Red Light’s “rec-first” advance, in which recreational uses are conceived as a way of opening up the market, flies in the face of the more common approach by many of its competitors, which view health-related usages and exemptions as the way to crack open the door to widespread decriminalization. Trevor Millar, current chair of the board of the Multidisciplinary Association of Psychedelic Studies (MAPS) Canada, says that focussing on medicalization is often the best route towards shifting the legal landscape. “From there,” he said, “the tides turn to opening it up to recreational.” This is what happened with cannabis in Canada and many U.S. states, and what is already happening with psilocybin. “Canada didn’t want cannabis,” says Bruce Linton, a veteran of Big Pot now serving as chairman of Red Light’s Advisory Board. “They had a court challenge.
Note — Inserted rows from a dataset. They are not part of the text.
(* Assume the standing setting below. Every separating measure $\mathsf Q$ for $R$ satisfies $$v_{\mathrm{MMV}}(0)\le\frac12\mathrm{Var}\Big(\frac{d\mathsf Q}{d\mathsf P}\Big).$$
   Context: Standing setting. $R$ is an $\mathbb{R}^d$-valued semimartingale on $[0,T]$ with $R_0=0$, independent increments, and instantaneously arbitrage-free. Instantaneous no-arbitrage means the following: - Let $h(x)=(x_i\mathbf 1_{\{|x_i|\le1\}})_i$, let $A$ be a deterministic right-continuous non-decreasing process, and let $(b^{R[1]},c^R,F^R)$ be deterministic differential characteristics of $R$ relative to $A$. - For all $t$ and row vectors $\lambda$: if $\lambda c^R_t=0$ and $F^R_t(\{\lambda x<0\})=0$, then either $F^R_t(\{\lambda x>0\})>0$ and $\lambda b^{R[1]}_t-\int\lambda h\,dF^R_t<0$, or $F^R_t(\{\lambda x>0\})=0$ and $\lambda b^{R[1]}_t=0$. Definitions. - $\Theta_{\mathrm{MMV}}$ is the set of $R$-integrable predictable $\vartheta$ with $\sup_{t\le T}(\vartheta\cdot R_t)^-\in L^2$. - $V_{\mathrm{MMV}}(W)=\sup_{Y\ge0,\,W-Y\in L^2}\big(\mathsf E[W-Y]-\frac12\mathrm{Var}(W-Y)\big)$. - $v_{\mathrm{MMV}}(0)=\sup_{\vartheta\in\Theta_{\mathrm{MMV}}}V_{\mathrm{MMV}}(\vartheta\cdot R_T)$. - A separating measure is a probability measure $\mathsf Q\ll\mathsf P$ with $d\mathsf Q/d\mathsf P\in L^2(\mathsf P)$ such that, for all $\vartheta\in\Theta_{\mathrm{MMV}}$, $\vartheta\cdot R_T\in L^1(\mathsf Q)$ and $\mathsf E^{\mathsf Q}[\vartheta\cdot R_T]\le0$. *)

theory Defs
  imports "HOL-Probability.Probability"
begin

definition L2 :: "'a measure \<Rightarrow> ('a \<Rightarrow> real) \<Rightarrow> bool" where
  "L2 M X \<longleftrightarrow> X \<in> borel_measurable M \<and> integrable M (\<lambda>x. (X x)\<^sup>2)"

text \<open>Monotone mean-variance value of a terminal wealth W (sup in ereal; empty sup = -infinity).\<close>
definition V_MMV :: "'a measure \<Rightarrow> ('a \<Rightarrow> real) \<Rightarrow> ereal" where
  "V_MMV M W = (SUP Y \<in> {Y. Y \<in> borel_measurable M \<and> (\<forall>x\<in>space M. 0 \<le> Y x)
                           \<and> L2 M (\<lambda>x. W x - Y x)}.
      ereal ((\<integral>x. W x - Y x \<partial>M) - 1/2 * prob_space.variance M (\<lambda>x. W x - Y x)))"

text \<open>Optimal MMV value from zero initial wealth, where G is the set of terminal
  gains {theta . R_T | theta in Theta_MMV}.\<close>
definition v_MMV0 :: "'a measure \<Rightarrow> ('a \<Rightarrow> real) set \<Rightarrow> ereal" where
  "v_MMV0 M G = (SUP X \<in> G. V_MMV M X)"

definition separating_measure :: "'a measure \<Rightarrow> ('a \<Rightarrow> real) set \<Rightarrow> 'a measure \<Rightarrow> bool" where
  "separating_measure M G Q \<longleftrightarrow>
     prob_space Q \<and> sets Q = sets M \<and> absolutely_continuous M Q \<and>
     L2 M (\<lambda>x. enn2real (RN_deriv M Q x)) \<and>
     (\<forall>X\<in>G. integrable Q X \<and> (\<integral>x. X x \<partial>Q) \<le> 0)"

end

theory Submission
  imports Defs
begin

text \<open>
  Write \<open>z = dQ/dP\<close> and let \<open>W = X - Y\<close> be any admissible terminal wealth
  (\<open>X\<close> a gain, \<open>Y \<ge> 0\<close> the amount thrown away). Since \<open>Q\<close> is separating,
  \<open>E[z W] = E\<^sub>Q[X] - E\<^sub>Q[Y] \<le> 0\<close>. Expanding \<open>0 \<le> Var(W + z)\<close> with \<open>E[z] = 1\<close> gives
  \<open>0 \<le> Var W + Var z + 2 E[z W] - 2 E[W]\<close>, hence
  \<open>E[W] - Var(W)/2 \<le> Var(z)/2\<close>; taking the supremum over all admissible \<open>W\<close>
  proves the bound.
\<close>

lemma (in finite_measure) L2_integrable: "L2 M f \<Longrightarrow> integrable M f"
  unfolding L2_def by (blast intro: square_integrable_imp_integrable)

lemma L2_mult_integrable:
  assumes "L2 M f" "L2 M g"
  shows "integrable M (\<lambda>x. f x * g x)"
proof (rule Bochner_Integration.integrable_bound)
  have "f \<in> borel_measurable M" "g \<in> borel_measurable M"
    and "integrable M (\<lambda>x. (f x)\<^sup>2)" "integrable M (\<lambda>x. (g x)\<^sup>2)"
    using assms unfolding L2_def by blast+
  then show "integrable M (\<lambda>x. (f x)\<^sup>2 + (g x)\<^sup>2)" "(\<lambda>x. f x * g x) \<in> borel_measurable M"
    by (auto intro: Bochner_Integration.integrable_add borel_measurable_times)
  show "AE x in M. norm (f x * g x) \<le> norm ((f x)\<^sup>2 + (g x)\<^sup>2)"
  proof (rule AE_I2)
    fix x
    have "\<bar>f x * g x\<bar> \<le> (f x)\<^sup>2 + (g x)\<^sup>2"
      using sum_squares_bound[of "\<bar>f x\<bar>" "\<bar>g x\<bar>"] abs_ge_zero[of "f x * g x"]
      unfolding abs_mult power2_abs by linarith
    then show "norm (f x * g x) \<le> norm ((f x)\<^sup>2 + (g x)\<^sup>2)"
      by simp
  qed
qed

lemma (in prob_space) variance_add:
  assumes "L2 M X" "L2 M Y"
  shows "variance (\<lambda>x. X x + Y x) =
    variance X + variance Y + 2 * (expectation (\<lambda>x. X x * Y x) - expectation X * expectation Y)"
proof -
  have [simp]: "integrable M X" "integrable M Y" "integrable M (\<lambda>x. X x * Y x)"
    "integrable M (\<lambda>x. (X x)\<^sup>2)" "integrable M (\<lambda>x. (Y x)\<^sup>2)"
    using assms L2_integrable L2_mult_integrable unfolding L2_def by blast+
  have sq: "(\<lambda>x. (X x + Y x)\<^sup>2) = (\<lambda>x. (X x)\<^sup>2 + (Y x)\<^sup>2 + 2 * (X x * Y x))"
    by (simp add: power2_sum mult.assoc)
  have "variance (\<lambda>x. X x + Y x) =
      expectation (\<lambda>x. (X x + Y x)\<^sup>2) - (expectation (\<lambda>x. X x + Y x))\<^sup>2"
    by (rule variance_eq) (simp_all add: sq)
  also have "\<dots> = expectation (\<lambda>x. (X x)\<^sup>2) + expectation (\<lambda>x. (Y x)\<^sup>2)
      + 2 * expectation (\<lambda>x. X x * Y x) - (expectation X + expectation Y)\<^sup>2"
    by (simp add: sq)
  finally show ?thesis
    using variance_eq[of X] variance_eq[of Y] by (simp add: power2_sum)
qed

lemma (in prob_space) mean_minus_half_variance_le:
  assumes "L2 M W" "L2 M Z" "expectation Z = 1" "expectation (\<lambda>x. Z x * W x) \<le> 0"
  shows "expectation W - 1/2 * variance W \<le> 1/2 * variance Z"
  using variance_positive[of "\<lambda>x. W x + Z x"] variance_add[OF assms(1,2)] assms(3,4)
  by (simp add: mult.commute)

lemma separating_measure_expectation_RN_deriv:
  assumes "prob_space M" "separating_measure M G Q"
  shows "(\<integral>x. enn2real (RN_deriv M Q x) \<partial>M) = 1"
proof -
  interpret prob_space M by fact
  have Q: "prob_space Q" "absolutely_continuous M Q" "sets Q = sets M"
    using assms(2) unfolding separating_measure_def by blast+
  have "(\<integral>x. enn2real (RN_deriv M Q x) \<partial>M) = (\<integral>x. 1 \<partial>Q)"
    using RN_deriv_integral[OF prob_space_imp_sigma_finite[OF Q(1)] Q(2,3), of "\<lambda>_. 1"] Q(1) by simp
  then show ?thesis
    using prob_space.prob_space[OF Q(1)] by simp
qed

lemma separating_measure_RN_deriv_pairing_nonpos:
  assumes "prob_space M" "separating_measure M G Q" "X \<in> G"
    and Y_nonneg: "\<forall>x\<in>space M. 0 \<le> Y x" and W: "L2 M (\<lambda>x. X x - Y x)"
  shows "(\<integral>x. enn2real (RN_deriv M Q x) * (X x - Y x) \<partial>M) \<le> 0"
proof -
  interpret prob_space M by fact
  have Q: "prob_space Q" "absolutely_continuous M Q" "sets Q = sets M"
    and z: "L2 M (\<lambda>x. enn2real (RN_deriv M Q x))"
    and X: "integrable Q X" "(\<integral>x. X x \<partial>Q) \<le> 0"
    using assms(2,3) unfolding separating_measure_def by blast+
  note RN = RN_deriv_integrable[OF prob_space_imp_sigma_finite[OF Q(1)] Q(2,3)]
    RN_deriv_integral[OF prob_space_imp_sigma_finite[OF Q(1)] Q(2,3)]
  have W_meas: "(\<lambda>x. X x - Y x) \<in> borel_measurable M"
    using W unfolding L2_def by blast
  have W_Q: "integrable Q (\<lambda>x. X x - Y x)"
    using RN(1)[OF W_meas] L2_mult_integrable[OF z W] by simp
  have Y_Q: "integrable Q Y"
    using Bochner_Integration.integrable_diff[OF X(1) W_Q] by simp
  have "0 \<le> (\<integral>x. Y x \<partial>Q)"
    using Y_nonneg sets_eq_imp_space_eq[OF Q(3)] by (intro Bochner_Integration.integral_nonneg) auto
  then have "(\<integral>x. X x - Y x \<partial>Q) \<le> 0"
    using X(2) Bochner_Integration.integral_diff[OF X(1) Y_Q] by simp
  then show ?thesis
    using RN(2)[OF W_meas] by simp
qed

theorem proposition2p22:
  fixes M :: "'a measure" and G :: "('a \<Rightarrow> real) set" and Q :: "'a measure"
  assumes "prob_space M"
    and "\<forall>X\<in>G. X \<in> borel_measurable M \<and> L2 M (\<lambda>x. max 0 (- X x))"
    and "(\<lambda>x. 0) \<in> G"
    and "separating_measure M G Q"
  shows "v_MMV0 M G \<le> ereal (1/2 * prob_space.variance M (\<lambda>x. enn2real (RN_deriv M Q x)))"
  unfolding v_MMV0_def V_MMV_def
proof (intro SUP_least)
  interpret prob_space M by fact
  let ?z = "\<lambda>x. enn2real (RN_deriv M Q x)"
  fix X Y
  assume X: "X \<in> G" and "Y \<in> {Y. Y \<in> borel_measurable M \<and> (\<forall>x\<in>space M. 0 \<le> Y x)
                                  \<and> L2 M (\<lambda>x. X x - Y x)}"
  then have Y_nonneg: "\<forall>x\<in>space M. 0 \<le> Y x" and W: "L2 M (\<lambda>x. X x - Y x)"
    by blast+
  have z: "L2 M ?z"
    using assms(4) unfolding separating_measure_def by blast
  have "expectation (\<lambda>x. X x - Y x) - 1/2 * variance (\<lambda>x. X x - Y x) \<le> 1/2 * variance ?z"
    using separating_measure_expectation_RN_deriv[OF assms(1,4)]
      separating_measure_RN_deriv_pairing_nonpos[OF assms(1,4) X Y_nonneg W]
    by (rule mean_minus_half_variance_le[OF W z])
  then show "ereal ((\<integral>x. X x - Y x \<partial>M) - 1/2 * variance (\<lambda>x. X x - Y x))
      \<le> ereal (1/2 * variance ?z)"
    by simp
qed

end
And the court challenge has already happened for shrooms.”

As Linton puts it plainly, Red Light is, “monetizing markets that exist, and preparing data for when markets are ready to be pried open.” This, ultimately, is the long-term play for Red Light: establishing themselves in regions where recreational use is legal, increasing shareholder value (the company is publicly traded on the Canadian Securities Exchange), and building a brand that can be exported to other markets where psilocybin is either legal (like Brazil and Jamaica) or where legality seems inevitable (like, some conjecture, Canada). “Setting up the infrastructure like that is a wise move,” says MAPS Canada’s Trevor Millar. “As things become less regulated, more people will have access to them.”
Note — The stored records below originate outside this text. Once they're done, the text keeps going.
lemma pConst_add: "pConst (a + b) = pConst a + pConst b"
  by (simp add: pConst_def single_add)

lemma pConst_mult: "pConst (a * b) = pConst a * pConst b"
  by (simp add: pConst_def mult_single)

lemma pConst_0 [simp]: "pConst 0 = 0"
  by (simp add: pConst_def)

lemma pConst_1 [simp]: "pConst 1 = 1"
  by (simp add: pConst_def)

lemma pConst_of_nat: "pConst (of_nat n) = of_nat n"
  by (simp add: pConst_def)

lemma psubst_superset:
  assumes "finite S" "Poly_Mapping.keys p \<subseteq> S"
  shows "psubst \<sigma> p = (\<Sum>m\<in>S. pConst (Poly_Mapping.lookup p m) * subst_monom \<sigma> m)"
  unfolding psubst_def subst_monom_def[symmetric]
  by (rule sum.mono_neutral_left[OF assms]) (auto simp: in_keys_iff)

lemma psubst_add: "psubst \<sigma> (p + q) = psubst \<sigma> p + psubst \<sigma> q"
proof -
  let ?S = "Poly_Mapping.keys p \<union> Poly_Mapping.keys q"
  let ?t = "\<lambda>p m. pConst (Poly_Mapping.lookup p m) * subst_monom \<sigma> m"
  have "psubst \<sigma> (p + q) = (\<Sum>m\<in>?S. ?t (p + q) m)"
    by (rule psubst_superset) (simp_all add: keys_add)
  also have "\<dots> = (\<Sum>m\<in>?S. ?t p m) + (\<Sum>m\<in>?S. ?t q m)"
    by (simp add: lookup_add pConst_add distrib_right sum.distrib)
  also have "\<dots> = psubst \<sigma> p + psubst \<sigma> q"
    by (simp add: psubst_superset[symmetric])
  finally show ?thesis .
qed

lemma psubst_0 [simp]: "psubst \<sigma> 0 = 0"
  by (simp add: psubst_def)

lemma psubst_sum: "psubst \<sigma> (sum f A) = (\<Sum>a\<in>A. psubst \<sigma> (f a))"
  by (induction A rule: infinite_finite_induct) (auto simp: psubst_add)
While the availability of a daily microdose supplement may be a ways off on this continent, Red Light offers an interesting model. Not only for how to tap into existing markets, but in how new markets will be activated in part by finding new faces—comedians with little in the way of connection to the existing psychedelic subculture, big-name realtors, etc.—and new aesthetic frameworks. The branding is modern and subtle, deliberately avoiding the pinwheeling mandalas and marching teddy bears more commonly associated with the further-out reaches of psychedelia. The package itself looks like it could contain a smartphone, or a set of pricey Bluetooth earbuds. And, let’s face it, “truffle” just sounds classier than “shroom”: conjuring up images of white table-clothed restaurants in place of pot-stinky dorm rooms.

It’s a branding play that seems to fit with the changing face of psychedelics, which seems to deliberately distance these drugs from their history as mind-expanding party drugs, central to whole scenes and subcultures. For Linton, who says he once took a heroic dose of mushrooms and witnessed a nightmarish vision of blue jay heads nested inside a bucket of KFC, even the word psychedelic raises alarms. “I call them ‘neuromedicines,’” he says. “‘Psychedelics’ is like carrying around a giant goddamn suitcase of bias.”

As to the matter of Canadians gaining legal access to products like iMicrodose, whether to use as “neuromedicines” supporting daily awareness or to facilitate a more traditional psychedelic experience, Red Light Holland’s brass seems optimistic.

“I’m not sure this is a 20-year journey,” Linton speculates. “It could be three.”